Have You Mastered the 6 C’s of Leadership?

Everyone has the potential to be a leader in the workplace, regardless of their role or whether they manage staff or not. Leaders are people who know what they stand for, take initiative, and speak up in a way that inspires and motivates others. When you’re a leader, people look to you for guidance and support in achieving your mutual goals.

I have used the 4 C’s of leadership over the years in assessing my performance and that of my staff. However, I’ve recently revisited and amended this list to be the SIX C’s that, in my mind, define an effective leader and reflect what I am seeing in how successful businesses are run in today’s professional landscape.

Master these, and regardless of your titleYOU are a leader!


Build and maintain connections with your boss, peers, and clients. Be curious about them professionally and personally. Truly listen and get to know them – how they think about your business and their goals. Put yourself in their shoes and understand their perspective. That includes taking the time to hear about their family.
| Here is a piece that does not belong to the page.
(* Let $f_1,\dots,f_n$ satisfy Assumptions A1, A2 and $f_0$ satisfy Assumption A3. Then $(\hat x,\hat\beta)\in\mathbb{R}^d\times\Delta^{n-1}$ is $(\epsilon_0,\epsilon)$-preference stationary if $\|\nabla f_{\hat\beta}(\hat x)\|_2\le\epsilon$ and, for some $x\in\mathbb{R}^d$ and $\alpha\in(0,1)$: (1) $-\nabla f_0(x)^\top\widehat{\nabla}x^*(x,\hat\beta)(\beta'-\hat\beta)\le\alpha\cdot\epsilon_0\|\beta'-\hat\beta\|_1$ for all $\beta'\in\Delta^{n-1}$; and (2) $\mathrm{err}_{\nabla f_0}(x,\hat\beta)\le(1-\alpha)\cdot\epsilon_0$.
   Context: Assumption A1: each $f_i:\mathbb{R}^d\to\mathbb{R}$ is twice differentiable with $\mu\mathbf{I}\preceq\nabla^2 f_i\preceq L\mathbf{I}$, $0<\mu\le L$, $\kappa:=L/\mu$. Assumption A2: each $\nabla^2 f_i$ is $L_H$-Lipschitz. Assumption A3: $f_0:\mathbb{R}^d\to\mathbb{R}$ has $L_0$-Lipschitz gradient. $F=(f_1,\dots,f_n)$, $\nabla F(x)\in\mathbb{R}^{n\times d}$ its Jacobian, $f_\beta=\sum_i\beta_if_i$ for $\beta\in\Delta^{n-1}$ (simplex), $x^*(\beta)=x_\beta=\operatorname{argmin}_xf_\beta(x)$, $\nabla x^*(\beta)=-\nabla^2f_\beta(x_\beta)^{-1}\nabla F(x_\beta)^\top$, $\widehat{\nabla}x^*(x,\beta):=-\nabla^2f_\beta(x)^{-1}\nabla F(x)^\top$. $R$ is the $\ell_2$-diameter of the Pareto set of $F$, $M_0:=\kappa R$, $M_1:=2\kappa^2R(1+L_HR/\mu)$, and $\mathrm{err}_{\nabla f_0}(x,\beta):=\frac{1}{\mu}\big(\frac{M_1}{2M_0}\|\nabla f_0(x)\|_2+L_0M_0\big)\|\nabla f_\beta(x)\|_2$. A point $(x,\beta)$ is $(\epsilon_0,\epsilon)$-preference stationary if $-\nabla f_0(x_\beta)^\top\nabla x^*(\beta)(\beta'-\beta)\le\epsilon_0\|\beta'-\beta\|_1$ for all $\beta'\in\Delta^{n-1}$ and $\|\nabla f_\beta(x)\|_2\le\epsilon$. *)

theory Defs
  imports "HOL-Analysis.Analysis"
begin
Be a trusted and valued friend, and you’ll be a trusted and valued colleague too.


Develop your communication skills. We communicate daily but do you speak and write in a clear, brief way that enrolls others in your thinking and sparks their passion? We often take our daily interactions, including text and slack messages, for granted, but every exchange is a communication. It is your career, and communication matters, particularly in your work environment. Over time, you set the tone of who you are and what you are capable of becoming.


Grow your knowledge and competency in your field. Become the person in your department that your work colleagues rely on, from understanding workflow processes to the strategy to achieve goals. Be the go-to for how things work in your department or whatever is vital to your team. Life-long learning is a hallmark of a great leader.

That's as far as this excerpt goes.